Given n non-negative integers a1, a2, …, an , where each represents a point at coordinate (i, ai). n vertical lines are drawn such that the two endpoints of line i is at (i, ai) and (i, 0). Find two lines, which together with x-axis forms a container, such that the container contains the most water.

Note: You may not slant the container and n is at least 2.

Example:

Input: [1,8,6,2,5,4,8,3,7]
Output: 49

CAPTURE-2020_02_04_leetcode-container-with-most-water.org_20200204_221447.png

Native solution

According the challenge description, naive solution is not hard to figure out.

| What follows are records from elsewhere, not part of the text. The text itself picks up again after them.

(* Let $G=(V,E)$ be a finite simple graph which is $S_{1,1,5}$-free. Let $xy\in E$ and for $i\ge 1$ let $N_i=\{z\in V:\operatorname{dist}_G(z,\{x,y\})=i\}$. Assume $N_2=\{u_1,\dots,u_k\}$ is an independent set, and for each $i$ let $T_i$ be the set of vertices $t\in N_3$ whose only neighbor in $N_2$ is $u_i$. Then there is no induced path $(t_1,t_2,t_3,t_4,t_5)$ in $G[N_3]$ with $t_j\in T_{i_j}$ for five pairwise distinct indices $i_1,\dots,i_5$.
   Context: $S_{1,1,5}$ is the tree with a center $u$ adjacent to $a$, $b$ and $z_1$, where $u,z_1,\dots,z_5$ is an induced path, and no other edges. $\operatorname{dist}_G(z,\{x,y\})$ is the minimum of the distances from $z$ to $x$ and to $y$. *)

theory Defs
  imports Main "HOL-Library.Extended_Nat"
begin

definition simple_graph :: "'a set \<Rightarrow> ('a \<Rightarrow> 'a \<Rightarrow> bool) \<Rightarrow> bool" where
  "simple_graph V E \<longleftrightarrow> finite V \<and> (\<forall>a b. E a b \<longrightarrow> E b a) \<and> (\<forall>a. \<not> E a a)
     \<and> (\<forall>a b. E a b \<longrightarrow> a \<in> V \<and> b \<in> V)"

definition walk :: "'a set \<Rightarrow> ('a \<Rightarrow> 'a \<Rightarrow> bool) \<Rightarrow> 'a list \<Rightarrow> bool" where
  "walk V E xs \<longleftrightarrow> xs \<noteq> [] \<and> set xs \<subseteq> V \<and> (\<forall>i. Suc i < length xs \<longrightarrow> E (xs ! i) (xs ! Suc i))"

definition gdist :: "'a set \<Rightarrow> ('a \<Rightarrow> 'a \<Rightarrow> bool) \<Rightarrow> 'a \<Rightarrow> 'a \<Rightarrow> enat" where
  "gdist V E a b = (INF xs \<in> {xs. walk V E xs \<and> hd xs = a \<and> last xs = b}. enat (length xs - 1))"

definition dist_set2 :: "'a set \<Rightarrow> ('a \<Rightarrow> 'a \<Rightarrow> bool) \<Rightarrow> 'a \<Rightarrow> 'a \<Rightarrow> 'a \<Rightarrow> enat" where
  "dist_set2 V E z x y = min (gdist V E z x) (gdist V E z y)"

definition layer :: "'a set \<Rightarrow> ('a \<Rightarrow> 'a \<Rightarrow> bool) \<Rightarrow> 'a \<Rightarrow> 'a \<Rightarrow> nat \<Rightarrow> 'a set" where
  "layer V E x y i = {z \<in> V. dist_set2 V E z x y = enat i}"

definition independent_set :: "('a \<Rightarrow> 'a \<Rightarrow> bool) \<Rightarrow> 'a set \<Rightarrow> bool" where
  "independent_set E S \<longleftrightarrow> (\<forall>a\<in>S. \<forall>b\<in>S. \<not> E a b)"

text \<open>S_{1,1,5}: centre u adjacent to a, b, z1; u,z1,...,z5 an induced path; no other edges.\<close>
definition S115_edges :: "(nat \<times> nat) set" where
  "S115_edges = {(0,1),(0,2),(0,3),(3,4),(4,5),(5,6),(6,7)}"

definition S115_free :: "'a set \<Rightarrow> ('a \<Rightarrow> 'a \<Rightarrow> bool) \<Rightarrow> bool" where
  "S115_free V E \<longleftrightarrow> \<not> (\<exists>f :: nat \<Rightarrow> 'a. inj_on f {0..<8} \<and> f ` {0..<8} \<subseteq> V \<and>
     (\<forall>i<8. \<forall>j<8. E (f i) (f j) \<longleftrightarrow> ((i,j) \<in> S115_edges \<or> (j,i) \<in> S115_edges)))"

definition induced_path :: "('a \<Rightarrow> 'a \<Rightarrow> bool) \<Rightarrow> 'a list \<Rightarrow> bool" where
  "induced_path E ts \<longleftrightarrow> distinct ts \<and>
     (\<forall>i<length ts. \<forall>j<length ts. E (ts ! i) (ts ! j) \<longleftrightarrow> (i = Suc j \<or> j = Suc i))"

end

theory Submission
  imports Defs
begin

(* Let t_0 ... t_4 be the path and s_j the unique neighbour of t_j in N_2; the s_j are distinct
   and pairwise non-adjacent. Pick a neighbour w of s_0 in N_1 and a neighbour r of w in N_0.
   Since an edge changes the distance to {x, y} by at most one, all adjacencies between these
   vertices are determined except those of w with s_2 and s_4, and according to them one of
     r w s_4 t_4 t_3 t_2 t_1,   r w s_2 t_2 t_3 t_4 s_4,   t_3 t_2 t_1 t_0 s_0 w r
   is an induced path with a further vertex (s_0, s_0, s_2 respectively) adjacent to its second
   vertex only: an induced S_{1,1,5}. *)

lemma walk_Cons:
  assumes "ws \<noteq> []"
  shows "walk V E (a # ws) \<longleftrightarrow> a \<in> V \<and> E a (hd ws) \<and> walk V E ws"
  using assms unfolding walk_def
  by (auto simp: hd_conv_nth nth_Cons' less_Suc_eq_0_disj) (metis Suc_pred)

lemma gdist_le_walk:
  assumes "walk V E ws" "hd ws = a" "last ws = b"
  shows "gdist V E a b \<le> enat (length ws - 1)"
  unfolding gdist_def using assms by (intro INF_lower) auto

lemma gdist_attained:
  assumes "gdist V E a b \<noteq> \<infinity>"
  obtains ws where "walk V E ws" "hd ws = a" "last ws = b" "gdist V E a b = enat (length ws - 1)"
proof -
  let ?L = "(\<lambda>ws. enat (length ws - 1)) ` {ws. walk V E ws \<and> hd ws = a \<and> last ws = b}"
  have "?L \<noteq> {}"
    using assms unfolding gdist_def by (metis Inf_empty top_enat_def)
  then have "Inf ?L \<in> ?L"
    unfolding Inf_enat_def by (auto intro: LeastI)
  then show thesis
    using that unfolding gdist_def by auto
qed

lemma gdist_le_adjacent:
  assumes G: "simple_graph V E" and "E a c"
  shows "gdist V E a b \<le> gdist V E c b + 1"
proof (cases "gdist V E c b = \<infinity>")
  case False
  then obtain ws where ws: "walk V E ws" "hd ws = c" "last ws = b"
    and len: "gdist V E c b = enat (length ws - 1)"
    by (rule gdist_attained)
  have "ws \<noteq> []" using ws(1) unfolding walk_def by simp
  moreover have "a \<in> V" using G \<open>E a c\<close> unfolding simple_graph_def by blast
  ultimately have "walk V E (a # ws)"
    using ws \<open>E a c\<close> by (simp add: walk_Cons)
  then have "gdist V E a b \<le> enat (length (a # ws) - 1)"
    by (rule gdist_le_walk) (use ws \<open>ws \<noteq> []\<close> in auto)
  with len \<open>ws \<noteq> []\<close> show ?thesis by (simp add: one_enat_def)
qed simp

lemma dist_set2_le_adjacent:
  assumes "simple_graph V E" and "E a c"
  shows "dist_set2 V E a x y \<le> dist_set2 V E c x y + 1"
  using gdist_le_adjacent[OF assms, of x] gdist_le_adjacent[OF assms, of y]
  unfolding dist_set2_def by (auto simp: min_def add_right_mono intro: order_trans)

lemma layer_step_down:
  assumes G: "simple_graph V E" and z: "z \<in> layer V E x y (Suc i)"
  obtains z' where "E z z'" "z' \<in> layer V E x y i"
proof -
  have dz: "dist_set2 V E z x y = enat (Suc i)" using z unfolding layer_def by simp
  then obtain v where v: "v = x \<or> v = y" "gdist V E z v = enat (Suc i)"
    unfolding dist_set2_def by (metis min_def)
  then obtain ws where ws: "walk V E ws" "hd ws = z" "last ws = v" "length ws - 1 = Suc i"
    by (metis enat.distinct(2) enat.inject gdist_attained)
  then obtain z' rest where ws_eq: "ws = z # z' # rest"
    by (cases ws; cases "tl ws") auto
  have "E z z'" and walk': "walk V E (z' # rest)"
    using ws(1) unfolding ws_eq by (simp_all add: walk_Cons)
  then have "z' \<in> V" unfolding walk_def by simp
  have "dist_set2 V E z' x y \<le> gdist V E z' v"
    using v(1) unfolding dist_set2_def by auto
  also have "\<dots> \<le> enat i"
    using gdist_le_walk[OF walk'] ws unfolding ws_eq by (simp add: last_ConsR)
  finally have "dist_set2 V E z' x y \<le> enat i" .
  moreover have "enat (Suc i) \<le> dist_set2 V E z' x y + 1"
    using dist_set2_le_adjacent[OF G \<open>E z z'\<close>, of x y] dz by simp
  ultimately have "dist_set2 V E z' x y = enat i"
    by (cases "dist_set2 V E z' x y") (auto simp: one_enat_def)
  with \<open>E z z'\<close> \<open>z' \<in> V\<close> show thesis
    using that unfolding layer_def by blast
qed

lemma induced_path_Nil [simp]: "induced_path E []"
  by (simp add: induced_path_def)

lemma induced_path_Cons:
  assumes "simple_graph V E"
  shows "induced_path E (v # ts) \<longleftrightarrow>
    induced_path E ts \<and> v \<notin> set ts \<and> (\<forall>q\<in>set ts. E v q \<longleftrightarrow> q = hd ts)"
proof -
  have sym: "E p q \<longleftrightarrow> E q p" and irrefl: "\<not> E p p" for p q
    using assms unfolding simple_graph_def by auto
  have "(\<forall>q\<in>set ts. E v q \<longleftrightarrow> q = hd ts) \<longleftrightarrow> (\<forall>j<length ts. E v (ts ! j) \<longleftrightarrow> j = 0)"
    if "distinct ts"
  proof (cases ts)
    case (Cons t ts')
    then have "ts ! j = hd ts \<longleftrightarrow> j = 0" if "j < length ts" for j
      using nth_eq_iff_index_eq[OF \<open>distinct ts\<close> that, of 0] Cons by (simp add: hd_conv_nth)
    then show ?thesis by (auto simp: all_set_conv_all_nth)
  qed simp
  then show ?thesis
    unfolding induced_path_def
    by (auto simp: All_less_Suc2 nth_Cons' sym irrefl split: if_splits)
qed

lemma not_S115_free_if_pendant:
  assumes G: "simple_graph V E" and P: "induced_path E P" "length P = 7"
    and b: "b \<notin> set P" "\<forall>v\<in>set P. E b v \<longleftrightarrow> v = P ! 1"
  shows "\<not> S115_free V E"
proof -
  from P(2) obtain a c z1 z2 z3 z4 z5 where P_eq: "P = [a, c, z1, z2, z3, z4, z5]"
    by (auto simp: numeral_eq_Suc length_Suc_conv)
  have sym: "E p q \<longleftrightarrow> E q p" and inV: "E p q \<Longrightarrow> p \<in> V \<and> q \<in> V"
    and irrefl: "\<not> E p p" for p q
    using G unfolding simple_graph_def by auto
  define f where "f = (!) [c, a, b, z1, z2, z3, z4, z5]"
  have path: "distinct [a, c, z1, z2, z3, z4, z5]"
    "E a c" "E c z1" "E z1 z2" "E z2 z3" "E z3 z4" "E z4 z5"
    "\<not> E a z1" "\<not> E a z2" "\<not> E a z3" "\<not> E a z4" "\<not> E a z5"
    "\<not> E c z2" "\<not> E c z3" "\<not> E c z4" "\<not> E c z5"
    "\<not> E z1 z3" "\<not> E z1 z4" "\<not> E z1 z5" "\<not> E z2 z4" "\<not> E z2 z5" "\<not> E z3 z5"
    using P(1) unfolding P_eq by (auto simp: induced_path_Cons[OF G])
  have pendant: "E b c" "\<not> E b a" "\<not> E b z1" "\<not> E b z2" "\<not> E b z3" "\<not> E b z4" "\<not> E b z5"
    using b path(1) unfolding P_eq by auto
  have "inj_on f {0..<8}"
    unfolding f_def using path(1) b(1) by (intro inj_on_nth) (auto simp: P_eq)
  moreover have "f ` {0..<8} \<subseteq> V"
  proof -
    have "f ` {0..<8} = set [c, a, b, z1, z2, z3, z4, z5]"
      unfolding f_def by (auto simp: set_conv_nth)
    also have "\<dots> \<subseteq> V"
      using inV[OF path(2)] inV[OF path(4)] inV[OF path(6)] inV[OF path(7)] b(2)
      by (auto simp: P_eq dest: inV)
    finally show ?thesis .
  qed
  moreover have "\<forall>i<8. \<forall>j<8. E (f i) (f j) \<longleftrightarrow> ((i,j) \<in> S115_edges \<or> (j,i) \<in> S115_edges)"
    using path(2-) pendant irrefl
    by (simp add: f_def S115_edges_def numeral_eq_Suc All_less_Suc2 sym)
  ultimately show ?thesis unfolding S115_free_def by blast
qed

lemma private_neighbours_not_S115_free:
  fixes t s :: "nat \<Rightarrow> 'a"
  assumes G: "simple_graph V E"
    and t_path: "\<forall>i<5. \<forall>j<5. E (t i) (t j) \<longleftrightarrow> i = Suc j \<or> j = Suc i"
    and t_inj: "\<forall>i<5. \<forall>j<5. t i = t j \<longleftrightarrow> i = j"
    and t_s_adj: "\<forall>i<5. \<forall>j<5. E (t i) (s j) \<longleftrightarrow> i = j"
    and s_inj: "\<forall>i<5. \<forall>j<5. s i = s j \<longleftrightarrow> i = j"
    and s_indep: "\<forall>i<5. \<forall>j<5. \<not> E (s i) (s j)"
    and t_layer: "\<forall>i<5. t i \<in> layer V E x y 3"
    and s_layer: "\<forall>i<5. s i \<in> layer V E x y 2"
  shows "\<not> S115_free V E"
proof -
  let ?d = "\<lambda>p. dist_set2 V E p x y"
  have sym: "E p q \<longleftrightarrow> E q p" for p q
    using G unfolding simple_graph_def by auto
  have flip: "E q p" if "E p q" for p q
    using that sym by blast
  have flip_neg: "\<not> E q p" if "\<not> E p q" for p q
    using that sym by blast
  have far: "\<not> E p q" "\<not> E q p" if "?d q + 1 < ?d p" for p q
    using that dist_set2_le_adjacent[OF G, of p q x y] sym by (auto simp: not_le[symmetric])
  have apart: "p \<noteq> q" if "?d p \<noteq> ?d q" for p q
    using that by blast
  have s_t_adj: "\<forall>i<5. \<forall>j<5. E (s j) (t i) \<longleftrightarrow> i = j"
    using t_s_adj sym by blast
  obtain w where w: "E (s 0) w" "w \<in> layer V E x y 1"
    using layer_step_down[OF G, of "s 0" x y 1] s_layer by (auto simp: numeral_2_eq_2)
  obtain r where r: "E w r" "r \<in> layer V E x y 0"
    using layer_step_down[OF G, of w x y 0] w(2) by auto
  have d: "i < 5 \<Longrightarrow> ?d (t i) = 3" "i < 5 \<Longrightarrow> ?d (s i) = 2" "?d w = 1" "?d r = 0" for i
    using t_layer s_layer w(2) r(2) by (auto simp: layer_def zero_enat_def one_enat_def enat_numeral)
  note facts = d far apart t_path t_inj t_s_adj s_t_adj s_inj s_indep w(1) r(1)
    flip[OF w(1)] flip[OF r(1)]
  show ?thesis
  proof (cases "E w (s 4)")
    case True
    show ?thesis
      by (rule not_S115_free_if_pendant[OF G, of "[r, w, s 4, t 4, t 3, t 2, t 1]" "s 0"])
        (simp_all add: induced_path_Cons[OF G] facts True)
  next
    case False
    show ?thesis
    proof (cases "E w (s 2)")
      case True
      show ?thesis
        by (rule not_S115_free_if_pendant[OF G, of "[r, w, s 2, t 2, t 3, t 4, s 4]" "s 0"])
          (simp_all add: induced_path_Cons[OF G] facts True False flip_neg[OF False])
    next
      case False
      show ?thesis
        by (rule not_S115_free_if_pendant[OF G, of "[t 3, t 2, t 1, t 0, s 0, w, r]" "s 2"])
          (simp_all add: induced_path_Cons[OF G] facts flip_neg[OF False])
    qed
  qed
qed

theorem lemma12:
  fixes V :: "'a set" and E :: "'a \<Rightarrow> 'a \<Rightarrow> bool" and x y :: 'a
    and k :: nat and u :: "nat \<Rightarrow> 'a" and T :: "nat \<Rightarrow> 'a set"
  assumes G: "simple_graph V E"
    and free: "S115_free V E"
    and xy: "E x y"
    and N2: "bij_betw u {1..k} (layer V E x y 2)"
    and indep: "independent_set E (layer V E x y 2)"
    and T_def: "\<And>i. T i = {t \<in> layer V E x y 3. {w \<in> layer V E x y 2. E t w} = {u i}}"
  shows "\<not> (\<exists>ts :: 'a list. \<exists>idx :: nat \<Rightarrow> nat.
            length ts = 5 \<and> set ts \<subseteq> layer V E x y 3 \<and> induced_path E ts \<and>
            inj_on idx {0..<5} \<and> (\<forall>j<5. idx j \<in> {1..k} \<and> ts ! j \<in> T (idx j)))"
proof (intro notI, elim exE conjE)
  fix ts and idx :: "nat \<Rightarrow> nat"
  assume len: "length ts = 5" and ts_layer: "set ts \<subseteq> layer V E x y 3"
    and path: "induced_path E ts" and idx_inj: "inj_on idx {0..<5}"
    and idx: "\<forall>j<5. idx j \<in> {1..k} \<and> ts ! j \<in> T (idx j)"
  let ?s = "\<lambda>j. u (idx j)"
  have unique: "\<forall>j<5. {w \<in> layer V E x y 2. E (ts ! j) w} = {?s j}"
    using idx T_def by blast
  then have s_layer: "\<forall>j<5. ?s j \<in> layer V E x y 2" by blast
  have s_inj: "\<forall>i<5. \<forall>j<5. ?s i = ?s j \<longleftrightarrow> i = j"
    using idx idx_inj bij_betw_imp_inj_on[OF N2] unfolding inj_on_def
    by (metis atLeastLessThan_iff zero_le)
  have "\<not> S115_free V E"
  proof (rule private_neighbours_not_S115_free[OF G, where t = "(!) ts" and s = ?s])
    show "\<forall>i<5. \<forall>j<5. E (ts ! i) (ts ! j) \<longleftrightarrow> i = Suc j \<or> j = Suc i"
      and "\<forall>i<5. \<forall>j<5. ts ! i = ts ! j \<longleftrightarrow> i = j"
      using path len by (auto simp: induced_path_def nth_eq_iff_index_eq)
    show "\<forall>i<5. \<forall>j<5. E (ts ! i) (?s j) \<longleftrightarrow> i = j"
      using unique s_layer s_inj by blast
    show "\<forall>i<5. \<forall>j<5. \<not> E (?s i) (?s j)"
      using indep s_layer unfolding independent_set_def by blast
    show "\<forall>i<5. ts ! i \<in> layer V E x y 3"
      using ts_layer len by auto
  qed (use s_inj s_layer in auto)
  with free show False by simp
qed

end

Time complexity: \(O(N^2)\), as we enumerate all the pairs of index in array.

class Solution {
public:
    int maxArea(vector<int>& height) {
        int ans = 0;
        int cur = 0;
        for(int i=1; i<height.size(); i++) {
            int h = height[i];
            for(int j=0; j<i; j++) {
                cur = min(h, height[j]) * abs(i - j);
                ans = max(cur, ans);
            }
        }
        return ans;
    }
};

Approach with two pointers

This approach is clever and elegant! It’s time complexity: \(O(N)\).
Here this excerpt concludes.